Алан намеревался предоставить возможность книге о даосизме написать себя самой. Как учёный, он знал, что это будет ещё одна из его знаменитых тем-с-вариациями, в которых встречаются Восток и Запад. Однако, как человек Дао, он также понимал, что не должен контролировать свою работу интеллектуально. Ведь сам предмет книги гласит: «Дао, о котором можно говорить, не есть Дао».
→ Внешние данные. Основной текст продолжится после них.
(* For all $n\ge1$, the number of permutations in $\mathcal{S}_n$ avoiding each of $1243$, $2143$ and $321$ equals $n+2\binom{n}{3}$.
   Context: A permutation $\pi\in\mathcal{S}_n$ avoids $\tau\in\mathcal{S}_k$ if there are no indices $i_1<\dots<i_k$ with $\pi_{i_1}\cdots\pi_{i_k}$ in the same relative order as $\tau_1\cdots\tau_k$. *)

theory Defs
  imports "HOL-Combinatorics.Permutations"
begin

text \<open>A permutation of [n] = {1..n} is a bijection p with p permutes {1..n}; its one-line
  notation is p 1, ..., p n. A pattern tau in S_k is given by its one-line notation as a list
  (values 1..k).\<close>

definition perms :: "nat \<Rightarrow> (nat \<Rightarrow> nat) set" where
  "perms n = {p. p permutes {1..n}}"

definition contains :: "nat \<Rightarrow> (nat \<Rightarrow> nat) \<Rightarrow> nat list \<Rightarrow> bool" where
  "contains n p tau \<longleftrightarrow>
     (\<exists>i :: nat \<Rightarrow> nat.
        (\<forall>a<length tau. i a \<in> {1..n}) \<and>
        (\<forall>a b. a < b \<and> b < length tau \<longrightarrow> i a < i b) \<and>
        (\<forall>a<length tau. \<forall>b<length tau. p (i a) < p (i b) \<longleftrightarrow> tau ! a < tau ! b))"

definition avoids :: "nat \<Rightarrow> (nat \<Rightarrow> nat) \<Rightarrow> nat list \<Rightarrow> bool" where
  "avoids n p tau \<longleftrightarrow> \<not> contains n p tau"

end

theory Submission
  imports Defs
begin
lemma Vcone_mono: "D \<subseteq> C \<Longrightarrow> Vcone D \<subseteq> Vcone C"
  unfolding Vcone_def by (rule cone_span_mono) auto

lemma faces_Vcone:
  assumes "independent (vvec ` C)"
  shows "faces (Vcone C) = Vcone ` Pow C"
  unfolding Vcone_def faces_cone_span[OF finite_imageI[OF finite] assms]
  by (auto simp: image_image subset_image_iff)

lemma add_ray_Vcone: "add_ray (Vcone D) (vvec G) = Vcone (insert G D)"
  unfolding Vcone_def by (simp add: add_ray_cone_span)

lemma vvec_comb_nth:
  "is_atom i \<Longrightarrow> (\<Sum>H\<in>C. c H *\<^sub>R vvec H) $ i = (\<Sum>H\<in>{H\<in>C. i \<le> H}. c H)"
  by (simp add: sum_component sum.inter_filter if_distrib cong: if_cong)

text \<open>Reading off coordinates atomwise, the generators with nonzero coefficient lie below
  \<open>H\<close> and cover all atoms of \<open>H\<close>.\<close>
lemma vvec_in_Vcone_imp_Sup:
  assumes at: "atomic_lattice TYPE('a::{finite,complete_lattice})" and "vvec H \<in> Vcone (C::'a set)"
  obtains S where "S \<subseteq> C" and "H = Sup S"
proof -
  obtain c where c: "vvec H = (\<Sum>G\<in>C. c G *\<^sub>R vvec G)" "\<forall>G\<in>C. 0 \<le> c G"
    using assms mem_Vcone_iff by blast
  define S where "S = {G\<in>C. c G \<noteq> 0}"
  have coord: "b \<le> H \<longleftrightarrow> (\<exists>G\<in>S. b \<le> G)" if "is_atom b" for b
  proof -
    have "vvec H $ b = (\<Sum>G\<in>{G\<in>C. b \<le> G}. c G)"
      unfolding c(1) by (rule vvec_comb_nth[OF that])
    then have "(if b \<le> H then 1 else 0) = (\<Sum>G\<in>{G\<in>C. b \<le> G}. c G)"
      using that by simp
    then have "b \<le> H \<longleftrightarrow> (\<Sum>G\<in>{G\<in>C. b \<le> G}. c G) \<noteq> 0"
      by (auto split: if_splits)
    also have "\<dots> \<longleftrightarrow> (\<exists>G\<in>S. b \<le> G)"
      using c(2) by (subst sum_nonneg_eq_0_iff) (auto simp: S_def)
    finally show ?thesis .
  qed
  have "Sup S \<le> H"
  proof (rule Sup_least)
    fix G assume "G \<in> S"
    then show "G \<le> H"
      unfolding atomic_le_iff_atoms_below[OF at] using coord by (auto simp: atoms_below_def)
  qed
  moreover have "H \<le> Sup S"
    unfolding atomic_le_iff_atoms_below[OF at]
  proof
    fix b assume "b \<in> atoms_below H"
    then obtain G where "G \<in> S" "b \<le> G" "is_atom b"
      using coord by (auto simp: atoms_below_def)
    then show "b \<in> atoms_below (Sup S)"
      using order_trans[OF \<open>b \<le> G\<close> Sup_upper[OF \<open>G \<in> S\<close>]] by (simp add: atoms_below_def)
  qed
  ultimately have "H = Sup S" by (rule order_antisym[rotated])
  then show thesis
    using that[of S] by (auto simp: S_def)
qed

lemma atom_mem_if_vvec_in_Vcone:
  assumes at: "atomic_lattice TYPE('a::{finite,complete_lattice})"
    and "bot \<notin> (C::'a set)" and "is_atom a" and "vvec a \<in> Vcone C"
  shows "a \<in> C"
proof -
  obtain S where S: "S \<subseteq> C" "a = Sup S"
    using vvec_in_Vcone_imp_Sup[OF at assms(4)] by blast
  then obtain G where G: "G \<in> S"
    using \<open>is_atom a\<close> by (auto simp: is_atom_def)
  have "G \<le> a" using S(2) Sup_upper[OF G] by simp
  moreover have "G \<noteq> bot" using G S(1) assms(2) by blast
  ultimately have "G = a" using assms(3) unfolding is_atom_def by blast
  then show ?thesis using G S(1) by blast
qed

lemma Vcone_atoms_below_subset_iff:
  assumes "atomic_lattice TYPE('a::{finite,complete_lattice})" and "bot \<notin> (D::'a set)"
  shows "Vcone (atoms_below G) \<subseteq> Vcone D \<longleftrightarrow> atoms_below G \<subseteq> D"
proof
  assume sub: "Vcone (atoms_below G) \<subseteq> Vcone D"
  show "atoms_below G \<subseteq> D"
  proof
    fix a assume a: "a \<in> atoms_below G"
    then have "vvec a \<in> Vcone D" using sub vvec_in_Vcone by blast
    then show "a \<in> D"
      using atom_mem_if_vvec_in_Vcone[OF assms] a by (simp add: atoms_below_def)
  qed
qed (rule Vcone_mono)

lemma Vcone_atoms_below_face_of_iff:
  assumes "atomic_lattice TYPE('a::{finite,complete_lattice})" and "bot \<notin> (C::'a set)"
    and "independent (vvec ` C)"
  shows "Vcone (atoms_below G) face_of Vcone C \<longleftrightarrow> atoms_below G \<subseteq> C"
proof
  assume "Vcone (atoms_below G) face_of Vcone C"
  then have "Vcone (atoms_below G) \<in> faces (Vcone C)"
    unfolding faces_def using Vcone_nonempty by blast
  then obtain D where "D \<subseteq> C" "Vcone (atoms_below G) = Vcone D"
    unfolding faces_Vcone[OF assms(3)] by blast
  then show "atoms_below G \<subseteq> C"
    using Vcone_atoms_below_subset_iff[OF assms(1), of D G] assms(2) by blast
next
  assume "atoms_below G \<subseteq> C"
  then have "Vcone (atoms_below G) \<in> faces (Vcone C)"
    unfolding faces_Vcone[OF assms(3)] by blast
  then show "Vcone (atoms_below G) face_of Vcone C"
    unfolding faces_def by blast
qed

section \<open>Nested sets and building sets\<close>

lemma nestedD_subset: "nested \<G> S \<Longrightarrow> S \<subseteq> \<G>"
  unfolding nested_def by blast

lemma nestedD:
  "nested \<G> S \<Longrightarrow> T \<subseteq> S \<Longrightarrow> 2 \<le> card T \<Longrightarrow> \<forall>G\<in>T. \<forall>H\<in>T. G \<noteq> H \<longrightarrow> \<not> G \<le> H
    \<Longrightarrow> Sup T \<notin> \<G>"
  unfolding nested_def by blast

lemma nestedI:
  assumes "S \<subseteq> \<G>"
    and "\<And>T. T \<subseteq> S \<Longrightarrow> 2 \<le> card T \<Longrightarrow> \<forall>G\<in>T. \<forall>H\<in>T. G \<noteq> H \<longrightarrow> \<not> G \<le> H
      \<Longrightarrow> Sup T \<notin> \<G>"
  shows "nested \<G> S"
  using assms unfolding nested_def by blast

lemma nested_subset: "nested \<G> S \<Longrightarrow> T \<subseteq> S \<Longrightarrow> nested \<G> T"
  by (intro nestedI) (auto dest: nestedD_subset nestedD)

lemma nested_building_subset: "nested \<G> S \<Longrightarrow> S \<subseteq> \<G>' \<Longrightarrow> \<G>' \<subseteq> \<G> \<Longrightarrow> nested \<G>' S"
  by (intro nestedI) (auto dest: nestedD)

text \<open>The maximal elements of \<open>T\<close> form an antichain with the same join.\<close>
lemma Sup_mem_nested:
  fixes S :: "'a::{finite,complete_lattice} set"
  assumes N: "nested \<G> S" and "bot \<notin> \<G>" and "T \<subseteq> S" and "Sup T \<in> \<G>"
  shows "Sup T \<in> S"
proof -
  define M where "M = {G\<in>T. \<forall>G'\<in>T. G \<le> G' \<longrightarrow> G = G'}"
  have below_M: "\<exists>m\<in>M. G \<le> m" if "G \<in> T" for G
    using finite_has_maximal2[OF finite that] unfolding M_def by blast
  have "Sup M = Sup T"
  proof (rule order_antisym)
    show "Sup M \<le> Sup T" by (rule Sup_subset_mono) (auto simp: M_def)
    show "Sup T \<le> Sup M"
      by (rule Sup_least) (meson below_M Sup_upper order_trans)
  qed
  have "T \<noteq> {}" using assms(2,4) by auto
  then have "0 < card M" using below_M by (auto simp: card_gt_0_iff)
  moreover have "\<not> 2 \<le> card M"
  proof
    assume "2 \<le> card M"
    moreover have "\<forall>G\<in>M. \<forall>H\<in>M. G \<noteq> H \<longrightarrow> \<not> G \<le> H" unfolding M_def by blast
    moreover have "M \<subseteq> S" using \<open>T \<subseteq> S\<close> unfolding M_def by blast
    ultimately have "Sup M \<notin> \<G>" using nestedD[OF N] by blast
    then show False using \<open>Sup M = Sup T\<close> \<open>Sup T \<in> \<G>\<close> by simp
  qed
  ultimately have "card M = 1" by simp
  then obtain m where "M = {m}" by (rule card_1_singletonE)
  then show ?thesis
    using \<open>Sup M = Sup T\<close> \<open>T \<subseteq> S\<close> unfolding M_def by auto
qed

lemma mem_nested_if_vvec_in_Vcone:
  assumes "atomic_lattice TYPE('a::{finite,complete_lattice})" and "bot \<notin> \<G>"
    and "nested \<G> (S::'a set)" and "H \<in> \<G>" and "vvec H \<in> Vcone S"
  shows "H \<in> S"
proof -
  obtain T where "T \<subseteq> S" and "H = Sup T"
    using vvec_in_Vcone_imp_Sup[OF assms(1,5)] .
  then show ?thesis using Sup_mem_nested[OF assms(3,2)] assms(4) by simp
qed

definition maximal_below :: "'a::order set \<Rightarrow> 'a \<Rightarrow> 'a set" where
  "maximal_below \<G> X = {G \<in> \<G>. G \<le> X \<and> \<not> (\<exists>H\<in>\<G>. H \<le> X \<and> G < H)}"

lemma ex_maximal_below:
  fixes \<G> :: "'a::{finite,order} set"
  assumes "K \<in> \<G>" and "K \<le> X"
  shows "\<exists>m\<in>maximal_below \<G> X. K \<le> m"
proof -
  obtain m where "m \<in> {H \<in> \<G>. H \<le> X}" "K \<le> m" "\<forall>H\<in>{H \<in> \<G>. H \<le> X}. m \<le> H \<longrightarrow> m = H"
    using finite_has_maximal2[of "{H \<in> \<G>. H \<le> X}" K] assms by auto
  then show ?thesis unfolding maximal_below_def by (auto simp: less_le)
qed

definition building_product :: "'a::complete_lattice set \<Rightarrow> 'a \<Rightarrow> ('a \<Rightarrow> 'a) set" where
  "building_product \<G> X =
    {f. (\<forall>G\<in>maximal_below \<G> X. f G \<le> G) \<and> (\<forall>G. G \<notin> maximal_below \<G> X \<longrightarrow> f G = bot)}"

lemma building_setD_bot: "building_set \<G> \<Longrightarrow> bot \<notin> \<G>"
  unfolding building_set_def by blast

lemma building_setD_iso:
  assumes "building_set \<G>" and "X \<noteq> bot"
  obtains \<phi> where "bij_betw \<phi> (building_product \<G> X) {bot..X}"
    and "\<And>f g. f \<in> building_product \<G> X \<Longrightarrow> g \<in> building_product \<G> X \<Longrightarrow>
      (\<forall>G\<in>maximal_below \<G> X. f G \<le> g G) \<longleftrightarrow> \<phi> f \<le> \<phi> g"
    and "\<And>G. G \<in> maximal_below \<G> X \<Longrightarrow> \<phi> (\<lambda>H. if H = G then G else bot) = G"
    and "\<phi> (\<lambda>_. bot) = bot"
proof -
  note iso = mp[OF spec[OF conjunct2[OF assms(1)[unfolded building_set_def]], of X] assms(2)]
  then obtain \<phi> where bij: "bij_betw \<phi> (building_product \<G> X) {bot..X}"
    and ord: "\<forall>f\<in>building_product \<G> X. \<forall>g\<in>building_product \<G> X.
      (\<forall>G\<in>maximal_below \<G> X. f G \<le> g G) \<longleftrightarrow> \<phi> f \<le> \<phi> g"
    and unit: "\<forall>G\<in>maximal_below \<G> X. \<phi> (\<lambda>H. if H = G then G else bot) = G"
    unfolding Let_def by (fold maximal_below_def building_product_def) blast
  have "bot \<in> {bot..X}" by simp
  then obtain h where h: "h \<in> building_product \<G> X" "\<phi> h = bot"
    using bij unfolding bij_betw_def by (metis imageE)
  moreover have "(\<lambda>_. bot) \<in> building_product \<G> X"
    by (simp add: building_product_def)
  ultimately have "\<phi> (\<lambda>_. bot) \<le> \<phi> h" using ord[rule_format, of "\<lambda>_. bot" h] by simp
  then have "\<phi> (\<lambda>_. bot) = bot" using h(2) by (simp add: bot_unique)
  then show thesis using that bij ord unit by blast
qed

lemma atom_mem_building_set:
  assumes bs: "building_set \<G>" and a: "is_atom a"
  shows "a \<in> \<G>"
proof (cases "maximal_below \<G> a = {}")
  case True
  have "a \<noteq> bot" using a by (simp add: is_atom_def)
  then obtain \<phi> where "bij_betw \<phi> (building_product \<G> a) {bot..a}"
    by (rule building_setD_iso[OF bs])
  moreover have "building_product \<G> a = {\<lambda>_. bot}"
    unfolding building_product_def True by auto
  ultimately have "{bot..a} = {\<phi> (\<lambda>_. bot)}"
    by (simp add: bij_betw_def)
  then have "bot = a" by (metis atLeastAtMost_iff order_refl bot.extremum singletonD)
  then show ?thesis using \<open>a \<noteq> bot\<close> by simp
next
  case False
  then obtain G where G: "G \<in> \<G>" "G \<le> a" unfolding maximal_below_def by auto
  moreover have "G \<noteq> bot" using G building_setD_bot[OF bs] by blast
  ultimately show ?thesis using a unfolding is_atom_def by blast
qed

text \<open>Elements below different maximal elements of \<open>\<G>\<^sub>\<le>\<^sub>X\<close> lie in different
  factors of the product decomposition of \<open>[bot, X]\<close>, hence meet in \<open>bot\<close>.\<close>
lemma building_set_inf_eq_bot:
  fixes \<G> :: "'a::complete_lattice set"
  assumes bs: "building_set \<G>" and "X \<noteq> bot"
    and m: "m\<^sub>1 \<in> maximal_below \<G> X" "m\<^sub>2 \<in> maximal_below \<G> X" "m\<^sub>1 \<noteq> m\<^sub>2"
    and "G \<le> m\<^sub>1" and "J \<le> m\<^sub>2"
  shows "inf G J = bot"
proof -
  obtain \<phi> where bij: "bij_betw \<phi> (building_product \<G> X) {bot..X}"
    and ord: "\<And>f g. f \<in> building_product \<G> X \<Longrightarrow> g \<in> building_product \<G> X \<Longrightarrow>
      (\<forall>G\<in>maximal_below \<G> X. f G \<le> g G) \<longleftrightarrow> \<phi> f \<le> \<phi> g"
    and unit: "\<And>G. G \<in> maximal_below \<G> X \<Longrightarrow> \<phi> (\<lambda>H. if H = G then G else bot) = G"
    and "\<phi> (\<lambda>_. bot) = bot"
    using building_setD_iso[OF bs \<open>X \<noteq> bot\<close>] by blast
  define u :: "'a \<Rightarrow> 'a \<Rightarrow> 'a" where "u m = (\<lambda>H. if H = m then m else bot)" for m
  have u: "u m \<in> building_product \<G> X" if "m \<in> maximal_below \<G> X" for m
    using that by (auto simp: u_def building_product_def)
  have below_X: "m\<^sub>1 \<le> X" using m(1) by (simp add: maximal_below_def)
  have "inf G J \<in> {bot..X}"
    using \<open>G \<le> m\<^sub>1\<close> below_X by (simp add: le_infI1)
  then obtain k where k: "k \<in> building_product \<G> X" "\<phi> k = inf G J"
    using bij unfolding bij_betw_def by (metis imageE)
  have "\<phi> (u m\<^sub>1) = m\<^sub>1" "\<phi> (u m\<^sub>2) = m\<^sub>2"
    using unit m(1,2) by (simp_all add: u_def)
  then have "\<phi> k \<le> \<phi> (u m\<^sub>1)" "\<phi> k \<le> \<phi> (u m\<^sub>2)"
    using k(2) \<open>G \<le> m\<^sub>1\<close> \<open>J \<le> m\<^sub>2\<close> by (simp_all add: le_infI1 le_infI2)
  then have le1: "\<forall>H\<in>maximal_below \<G> X. k H \<le> u m\<^sub>1 H"
    and le2: "\<forall>H\<in>maximal_below \<G> X. k H \<le> u m\<^sub>2 H"
    using ord[OF k(1) u[OF m(1)]] ord[OF k(1) u[OF m(2)]] by blast+
  have "k H = bot" for H
  proof (cases "H \<in> maximal_below \<G> X")
    case True
    then have "k H \<le> (if H = m\<^sub>1 then u m\<^sub>2 H else u m\<^sub>1 H)"
      using le1 le2 by (cases "H = m\<^sub>1") simp_all
    then show ?thesis using m(3) by (simp add: u_def bot_unique split: if_splits)
  next
    case False
    then show ?thesis using k(1) by (simp add: building_product_def)
  qed
  then have "k = (\<lambda>_. bot)" by blast
  then show ?thesis using k(2) \<open>\<phi> (\<lambda>_. bot) = bot\<close> by simp
qed
(* Let $q\in\mathbb C$ with $|q|=1$ and $q^2\neq 1$, and let $A,B$ be self-adjoint operators on a Hilbert space $\mathcal H$. Suppose $\lambda,\lambda q\in\rho(A)$ and $\mu,\mu q\in\rho(B)$. (i) If $\mathcal D$ is a linear subspace of $\mathcal D(AB)\cap\mathcal D(BA)$ and $ABf=qBAf$ for all $f\in\mathcal D$, then $\mathcal E:=(A-\lambda I)\mathcal D$ is a linear subspace of $\mathcal D(B)$ and $$BR_\lambda(A)g=qR_{\lambda q}(A)Bg\qquad(\ast)$$ for all $g\in\mathcal E$ (in particular $R_\lambda(A)g\in\mathcal D(B)$). (ii) If $\mathcal E$ is a linear subspace of $\mathcal D(B)$ such that $R_\lambda(A)g\in\mathcal D(B)$ and $(\ast)$ holds for all $g\in\mathcal E$, then every $f\in\mathcal D:=R_\lambda(A)\mathcal E$ lies in $\mathcal D(AB)\cap\mathcal D(BA)$ and satisfies $ABf=qBAf$. (iii) If $\mathcal E$ is a linear subspace of $\mathcal D(B)$ and $(\ast)$ holds for all $g\in\mathcal E$, then $$R_\lambda(A)R_\mu(B)h=qR_{\mu q}(B)R_{\lambda q}(A)h+\mu\lambda q(q-1)R_{\mu q}(B)R_{\lambda q}(A)R_\lambda(A)R_\mu(B)h\qquad(\ast\ast)$$ for all $h\in\mathcal F:=(B-\mu I)\mathcal E$. (iv) If $\mathcal F$ is a linear subspace of $\mathcal H$ such that $(\ast\ast)$ holds for all $h\in\mathcal F$, then $(\ast)$ holds (with $R_\lambda(A)g\in\mathcal D(B)$) for all $g\in\mathcal E:=R_\mu(B)\mathcal F$.
   Context: For a densely defined closed operator $T$, $\mathcal D(T)$ denotes its domain, $\rho(T)$ its resolvent set and $R_\lambda(T)=(T-\lambda I)^{-1}$ its resolvent for $\lambda\in\rho(T)$. Products of unbounded operators have their natural domains, e.g. $\mathcal D(AB)=\{f\in\mathcal D(B): Bf\in\mathcal D(A)\}$. *)

theory Defs
  imports "HOL-Analysis.Analysis"
begin

text \<open>HOL-Analysis has no complex inner product spaces, so we introduce the
standard notion as a type class: a complete normed space (Banach space) with a
compatible complex scalar multiplication and a complex inner product
(linear in the second argument, conjugate-linear in the first) inducing the norm.\<close>

class chilbert = banach +
  fixes scaleC :: "complex \<Rightarrow> 'a \<Rightarrow> 'a" (infixr \<open>*\<^sub>C\<close> 75)
    and cinner :: "'a \<Rightarrow> 'a \<Rightarrow> complex"
  assumes scaleC_add_right: "a *\<^sub>C (x + y) = a *\<^sub>C x + a *\<^sub>C y"
    and scaleC_add_left: "(a + b) *\<^sub>C x = a *\<^sub>C x + b *\<^sub>C x"
    and scaleC_scaleC: "a *\<^sub>C (b *\<^sub>C x) = (a * b) *\<^sub>C x"
    and scaleC_one: "1 *\<^sub>C x = x"
    and scaleR_scaleC: "scaleR r x = complex_of_real r *\<^sub>C x"
    and cinner_commute: "cinner x y = cnj (cinner y x)"
    and cinner_add_right: "cinner x (y + z) = cinner x y + cinner x z"
    and cinner_scaleC_right: "cinner x (a *\<^sub>C y) = a * cinner x y"
    and cinner_self_nonneg: "Re (cinner x x) \<ge> 0 \<and> Im (cinner x x) = 0"
    and cinner_self_eq_zero: "cinner x x = 0 \<longleftrightarrow> x = 0"
    and norm_eq_sqrt_cinner: "norm x = sqrt (Re (cinner x x))"

text \<open>A (possibly unbounded) operator is given by its domain D and its action T
(the values of T outside D are irrelevant).\<close>

definition csubspace :: "'a::chilbert set \<Rightarrow> bool" where
  "csubspace S \<longleftrightarrow> 0 \<in> S \<and> (\<forall>x\<in>S. \<forall>y\<in>S. x + y \<in> S) \<and> (\<forall>c. \<forall>x\<in>S. c *\<^sub>C x \<in> S)"

definition linear_op :: "'a::chilbert set \<Rightarrow> ('a \<Rightarrow> 'a) \<Rightarrow> bool" where
  "linear_op D T \<longleftrightarrow> csubspace D \<and>
     (\<forall>x\<in>D. \<forall>y\<in>D. T (x + y) = T x + T y) \<and> (\<forall>c. \<forall>x\<in>D. T (c *\<^sub>C x) = c *\<^sub>C T x)"

definition adjoint_dom :: "'a::chilbert set \<Rightarrow> ('a \<Rightarrow> 'a) \<Rightarrow> 'a set" where
  "adjoint_dom D T = {y. \<exists>z. \<forall>x\<in>D. cinner (T x) y = cinner x z}"

text \<open>Self-adjoint: densely defined, D(T*) = D(T) and T* y = T y on D(T)
(for densely defined T the representing vector z is unique, so this says T* = T).\<close>
definition self_adjoint :: "'a::chilbert set \<Rightarrow> ('a \<Rightarrow> 'a) \<Rightarrow> bool" where
  "self_adjoint D T \<longleftrightarrow> linear_op D T \<and> closure D = UNIV \<and>
     adjoint_dom D T = D \<and> (\<forall>x\<in>D. \<forall>y\<in>D. cinner (T x) y = cinner x (T y))"

definition shift_op :: "('a::chilbert \<Rightarrow> 'a) \<Rightarrow> complex \<Rightarrow> 'a \<Rightarrow> 'a" where
  "shift_op T l = (\<lambda>x. T x - l *\<^sub>C x)"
После написания стольких великолепных книг о неизречимом, Алан Уотс в конце концов научился уходить в сторону и позволять своему творчеству случаться. Ко мне он обращался за поддержкой. С помощью тай-цзи он стремился согласовать тело и разум с движениями Дао. Алан наслаждался получаемой таким образом энергией. Первые пять глав он писал с неизменным чувством, что делает открытие; они были ясными и исполненными творческих прозрений. Все мы внимательно следили за его продвижением в написании книги и чувствовали, что она будет лучшей, заведомо самой живой и актуальной из всех его книг. Мы с нетерпением ждали того дня, когда он её закончит.

С самого начала я был счастлив и гордился, что могу помогать Алану. Особый интерес у него вызывало то, как я читаю древние китайские тексты. Мы радовались вместе, когда удавалось расшифровать трудный пассаж, который изобиловал двусмысленностями и допускал несколько интерпретаций. Мы обычно просматривали все имеющиеся у нас переводы такого отрывка, обсуждали их, исключали неудачные варианты, а затем тут же переводили его заново так, чтобы перевод удовлетворял нас.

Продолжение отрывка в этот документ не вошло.